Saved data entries
== Segment start ==
lemma block_diag_nth [simp]: "block_diag P X $ i $ j = (if same_block P i j then X $ i $ j else 0)"
  unfolding block_diag_def by simp

lemma vec_restrict_nth [simp]: "vec_restrict I x $ i = (if i \<in> I then x $ i else 0)"
  unfolding vec_restrict_def by simp

lemma block_diag_idem [simp]: "block_diag P (block_diag P X) = block_diag P X"
  by (simp add: vec_eq_iff)

lemma block_diag_add: "block_diag P (X + Y) = block_diag P X + block_diag P Y"
  by (simp add: vec_eq_iff)

lemma block_diag_diff: "block_diag P (X - Y) = block_diag P X - block_diag P Y"
  by (simp add: vec_eq_iff)

lemma block_diag_scaleR: "block_diag P (c *\<^sub>R X) = c *\<^sub>R block_diag P X"
  by (simp add: vec_eq_iff)

lemma block_diag_mat1: "is_partition P \<Longrightarrow> block_diag P (mat 1) = mat 1"
  by (simp add: vec_eq_iff mat_def same_block_refl)

lemma transpose_block_diag: "transpose (block_diag P X) = block_diag P (transpose X)"
  by (auto simp: vec_eq_iff transpose_def intro: same_block_sym)

lemma block_diag_mult_right:
  assumes P: "is_partition P" and D: "block_diag P D = D"
  shows "block_diag P (X ** D) = block_diag P X ** D"
proof -
  have entry: "(if same_block P i j then X$i$k * D$k$j else 0)
      = (if same_block P i k then X$i$k else 0) * D$k$j" for i j k
  proof (cases "same_block P k j")
    case True
    then have "same_block P i j \<longleftrightarrow> same_block P i k"
      using same_block_trans[OF P] same_block_sym by metis
    then show ?thesis by simp
  next
    case False
    then have "D$k$j = 0" by (metis D block_diag_nth)
    then show ?thesis by simp
  qed
  have "block_diag P (X ** D) $ i $ j = (block_diag P X ** D) $ i $ j" for i j
    by (cases "same_block P i j") (simp_all add: matrix_matrix_mult_def entry[symmetric])
  then show ?thesis by (simp add: vec_eq_iff)
qed

lemma block_diag_mult_left:
  assumes P: "is_partition P" and D: "block_diag P D = D"
  shows "block_diag P (D ** X) = D ** block_diag P X"
proof -
  have "block_diag P (transpose D) = transpose D"
    using D by (metis transpose_block_diag)
  then have "transpose (block_diag P (D ** X)) = transpose (D ** block_diag P X)"
    using block_diag_mult_right[OF P, of "transpose D" "transpose X"]
    by (simp add: transpose_block_diag matrix_transpose_mul)
  then show ?thesis by simp
qed

lemma continuous_on_block_diag:
  fixes P :: "'n::finite set set"
  shows "continuous_on S (block_diag P)"
proof -
  have "continuous_on S (\<lambda>X::real^'n::finite^'n. if same_block P i j then X$i$j else 0)" for i j
    by (cases "same_block P i j") (auto intro!: continuous_intros)
  then show ?thesis
    unfolding block_diag_def by (intro continuous_on_vec_lambda)
qed

lemma elliptope_P_if_block_diag_eq_mat1:
  assumes "is_partition P" "psd Y" "block_diag P Y = mat 1"
  shows "Y \<in> elliptope_P P"
proof -
  have "Y $ i $ j = (if i = j then 1 else 0)" if "I \<in> P" "i \<in> I" "j \<in> I" for I i j
  proof -
    have "same_block P i j"
      using that unfolding same_block_def by blast
    then have "Y $ i $ j = block_diag P Y $ i $ j" by simp
    then show ?thesis using assms(3) by (simp add: mat_def)
  qed
  then show ?thesis
    unfolding elliptope_P_def using assms(2) by blast
qed

lemma vec_restrict_idem [simp]: "vec_restrict I (vec_restrict I x) = vec_restrict I x"
  by (simp add: vec_eq_iff)

lemma vec_restrict_diff_self [simp]: "vec_restrict I (x - vec_restrict I x) = 0"
  by (simp add: vec_eq_iff)

lemma inner_vec_restrict: "vec_restrict I x \<bullet> y = vec_restrict I x \<bullet> vec_restrict I y"
  by (auto simp: inner_vec_def intro!: sum.cong)

lemma inner_self_vec_restrict_split:
  "x \<bullet> x = vec_restrict I x \<bullet> vec_restrict I x + (x - vec_restrict I x) \<bullet> (x - vec_restrict I x)"
proof -
  have "vec_restrict I x \<bullet> (x - vec_restrict I x) = 0"
    by (subst inner_vec_restrict) simp
  then show ?thesis
    by (simp add: inner_diff_left inner_diff_right inner_commute)
qed

lemma quad_form_block_diag:
  assumes "is_partition P"
  shows "quad_form (block_diag P M) x = (\<Sum>I\<in>P. quad_form M (vec_restrict I x))"
proof -
  have "(\<Sum>I\<in>P. quad_form M (vec_restrict I x))
      = (\<Sum>I\<in>P. \<Sum>i\<in>UNIV. \<Sum>j\<in>UNIV. if i \<in> I \<and> j \<in> I then x$i * M$i$j * x$j else 0)"
    unfolding quad_form_def inner_vec_def matrix_vector_mult_def
    by (auto simp: sum_distrib_left intro!: sum.cong)
  also have "\<dots> = (\<Sum>i\<in>UNIV. \<Sum>j\<in>UNIV. \<Sum>I\<in>P. if i \<in> I \<and> j \<in> I then x$i * M$i$j * x$j else 0)"
    by (subst sum.swap, subst (2) sum.swap, rule refl)
  also have "\<dots> = (\<Sum>i\<in>UNIV. \<Sum>j\<in>UNIV. if same_block P i j then x$i * M$i$j * x$j else 0)"
    using sum_partition_indicator[OF assms] by simp
  also have "\<dots> = quad_form (block_diag P M) x"
    unfolding quad_form_def inner_vec_def matrix_vector_mult_def
    by (auto simp: sum_distrib_left intro!: sum.cong)
  finally show ?thesis by simp
qed

lemma sum_inner_vec_restrict:
  "is_partition P \<Longrightarrow> (\<Sum>I\<in>P. vec_restrict I x \<bullet> vec_restrict I x) = x \<bullet> x"
  using quad_form_block_diag[of P "mat 1" x] by (simp add: block_diag_mat1)

lemma inner_block_diag_disjoint:
  assumes P: "is_partition P" and D: "block_diag P D = D" and I: "I \<in> P"
    and a: "vec_restrict I a = a" and w: "vec_restrict I w = 0"
  shows "a \<bullet> (D *v w) = 0"
proof -
  have prod_zero: "a$i * (D$i$j * w$j) = 0" for i j
  proof (cases "i \<in> I \<and> same_block P i j")
    case True
    then have "j \<in> I" using same_block_iff_mem[OF P I] by blast
    then have "w$j = 0" using w by (metis vec_restrict_nth zero_index)
    then show ?thesis by simp
  next
    case False
    then have "a$i = 0 \<or> D$i$j = 0" using a D by (metis block_diag_nth vec_restrict_nth)
    then show ?thesis by auto
  qed
  show ?thesis
    unfolding inner_vec_def matrix_vector_mult_def by (simp add: sum_distrib_left prod_zero)
qed

lemma quad_form_block_diag_split:
  assumes P: "is_partition P" and D: "block_diag P D = D" "transpose D = D" and I: "I \<in> P"
  shows "quad_form D x = quad_form D (vec_restrict I x) + quad_form D (x - vec_restrict I x)"
proof -
  let ?a = "vec_restrict I x" and ?w = "x - vec_restrict I x"
  have cross: "?a \<bullet> (D *v ?w) = 0"
    by (rule inner_block_diag_disjoint[OF P D(1) I]) simp_all
  then have cross': "?w \<bullet> (D *v ?a) = 0"
    using symmetric_inner_mult[OF D(2), of ?w ?a] by (simp add: inner_commute)
  have "quad_form D x = quad_form D (?a + ?w)"
    by simp
  also have "\<dots> = quad_form D ?a + quad_form D ?w"
    by (simp only: quad_form_add cross cross' add_0_right)
  finally show ?thesis .
qed

section \<open>Bounded positive semidefinite block-diagonal matrices\<close>

definition bounded_block_psd :: "'n::finite set set \<Rightarrow> real \<Rightarrow> (real^'n^'n) set" where
  "bounded_block_psd P c = {D. block_diag P D = D \<and> transpose D = D
     \<and> (\<forall>x. 0 \<le> quad_form D x) \<and> (\<forall>x. quad_form D x \<le> c * (x \<bullet> x))}"

lemma bounded_block_psd_entry_bound:
  assumes "D \<in> bounded_block_psd P c"
  shows "\<bar>D$i$j\<bar> \<le> c"
proof -
  have D: "transpose D = D" "\<And>x. 0 \<le> quad_form D x" "\<And>x. quad_form D x \<le> c * (x \<bullet> x)"
    using assms unfolding bounded_block_psd_def by auto
  have diag: "quad_form D (axis k 1) = D$k$k" for k
    by (simp add: quad_form_def inner_axis_matrix_axis)
  have sym: "D$j$i = D$i$j"
    using arg_cong[OF D(1), of "\<lambda>A. A $ i $ j"] by (simp add: transpose_def)
  have ii: "0 \<le> D$i$i" "D$i$i \<le> c" "0 \<le> D$j$j" "D$j$j \<le> c"
    using D(2)[of "axis i 1"] D(3)[of "axis i 1"] D(2)[of "axis j 1"] D(3)[of "axis j 1"]
    by (simp_all add: diag inner_axis_axis)
  show ?thesis
  proof (cases "i = j")
    case True
    then show ?thesis using ii by simp
  next
    case False
    \<comment> \<open>positivity on \<open>e\<^sub>i \<plusminus> e\<^sub>j\<close> gives \<open>2\<bar>D\<^sub>i\<^sub>j\<bar> \<le> D\<^sub>i\<^sub>i + D\<^sub>j\<^sub>j\<close>\<close>
    have "quad_form D (axis i 1 + axis j 1) = D$i$i + D$j$j + 2 * D$i$j"
      by (simp add: quad_form_add diag inner_axis_matrix_axis sym)
    moreover have "quad_form D (axis i 1 - axis j 1) = D$i$i + D$j$j - 2 * D$i$j"
      by (simp add: quad_form_diff diag inner_axis_matrix_axis sym)
    ultimately show ?thesis
      using D(2)[of "axis i 1 + axis j 1"] D(2)[of "axis i 1 - axis j 1"] ii by linarith
  qed
qed

lemma bounded_bounded_block_psd:
  fixes P :: "'n::finite set set"
  shows "bounded (bounded_block_psd P c)"
proof -
  have "norm D \<le> (\<Sum>i\<in>(UNIV::'n set). \<Sum>j\<in>(UNIV::'n set). c)" if "D \<in> bounded_block_psd P c" for D
  proof -
    have "norm D \<le> (\<Sum>i\<in>UNIV. norm (D$i))"
      unfolding norm_vec_def by (rule L2_set_le_sum) simp
    also have "\<dots> \<le> (\<Sum>i\<in>UNIV. \<Sum>j\<in>UNIV. \<bar>D$i$j\<bar>)"
      by (rule sum_mono) (rule norm_le_l1_cart)
    also have "\<dots> \<le> (\<Sum>i\<in>(UNIV::'n set). \<Sum>j\<in>(UNIV::'n set). c)"
      by (intro sum_mono) (rule bounded_block_psd_entry_bound[OF that])
    finally show ?thesis .
  qed
  then show ?thesis unfolding bounded_iff by blast
qed

lemma closed_bounded_block_psd: "closed (bounded_block_psd P c)"
proof -
  have "bounded_block_psd P c = {D. block_diag P D = D} \<inter> {D. transpose D = D}
      \<inter> (\<Inter>x. {D. 0 \<le> quad_form D x}) \<inter> (\<Inter>x. {D. quad_form D x \<le> c * (x \<bullet> x)})"
    unfolding bounded_block_psd_def by auto
  then show ?thesis
    by (simp only:) (intro closed_Int closed_INT ballI closed_Collect_eq closed_Collect_le
        continuous_on_block_diag continuous_on_transpose continuous_on_quad_form
        continuous_on_id continuous_on_const)
qed

lemma compact_bounded_block_psd: "compact (bounded_block_psd P c)"
  by (simp add: compact_eq_bounded_closed bounded_bounded_block_psd closed_bounded_block_psd)

lemma convex_bounded_block_psd:
  fixes P :: "'n::finite set set"
  shows "convex (bounded_block_psd P c)"
  unfolding convex_def
proof (intro ballI allI impI)
  fix D1 D2 :: "real^'n^'n" and u v :: real
  assume "D1 \<in> bounded_block_psd P c" "D2 \<in> bounded_block_psd P c" and uv: "0 \<le> u" "0 \<le> v" "u + v = 1"
  then have D1: "block_diag P D1 = D1" "transpose D1 = D1"
      "\<And>x. 0 \<le> quad_form D1 x" "\<And>x. quad_form D1 x \<le> c * (x \<bullet> x)"
    and D2: "block_diag P D2 = D2" "transpose D2 = D2"
      "\<And>x. 0 \<le> quad_form D2 x" "\<And>x. quad_form D2 x \<le> c * (x \<bullet> x)"
    unfolding bounded_block_psd_def by auto
  have "0 \<le> u * quad_form D1 x + v * quad_form D2 x" for x
    using uv D1(3) D2(3) by simp
  moreover have "u * quad_form D1 x + v * quad_form D2 x \<le> c * (x \<bullet> x)" for x
  proof -
    have "u * quad_form D1 x + v * quad_form D2 x \<le> u * (c * (x \<bullet> x)) + v * (c * (x \<bullet> x))"
      using uv D1(4) D2(4) by (intro add_mono mult_left_mono) auto
    also have "\<dots> = c * (x \<bullet> x)"
      using uv(3) by (simp add: distrib_right[symmetric])
    finally show ?thesis .
  qed
  ultimately show "u *\<^sub>R D1 + v *\<^sub>R D2 \<in> bounded_block_psd P c"
    unfolding bounded_block_psd_def
    using D1 D2 by (simp add: block_diag_add block_diag_scaleR transpose_add transpose_scalar quad_form_combination)
qed

lemma zero_in_bounded_block_psd: "0 \<le> c \<Longrightarrow> 0 \<in> bounded_block_psd P c"
  unfolding bounded_block_psd_def by (simp add: quad_form_def transpose_def vec_eq_iff)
== Segment end ==
> PROBLEM TO SOLVE
Would you filter the entries above and keep each line that has the word "finally"?

> RESPONSE TO THE TASK
  finally show ?thesis by simp
  finally show ?thesis .
    finally show ?thesis .
    finally show ?thesis .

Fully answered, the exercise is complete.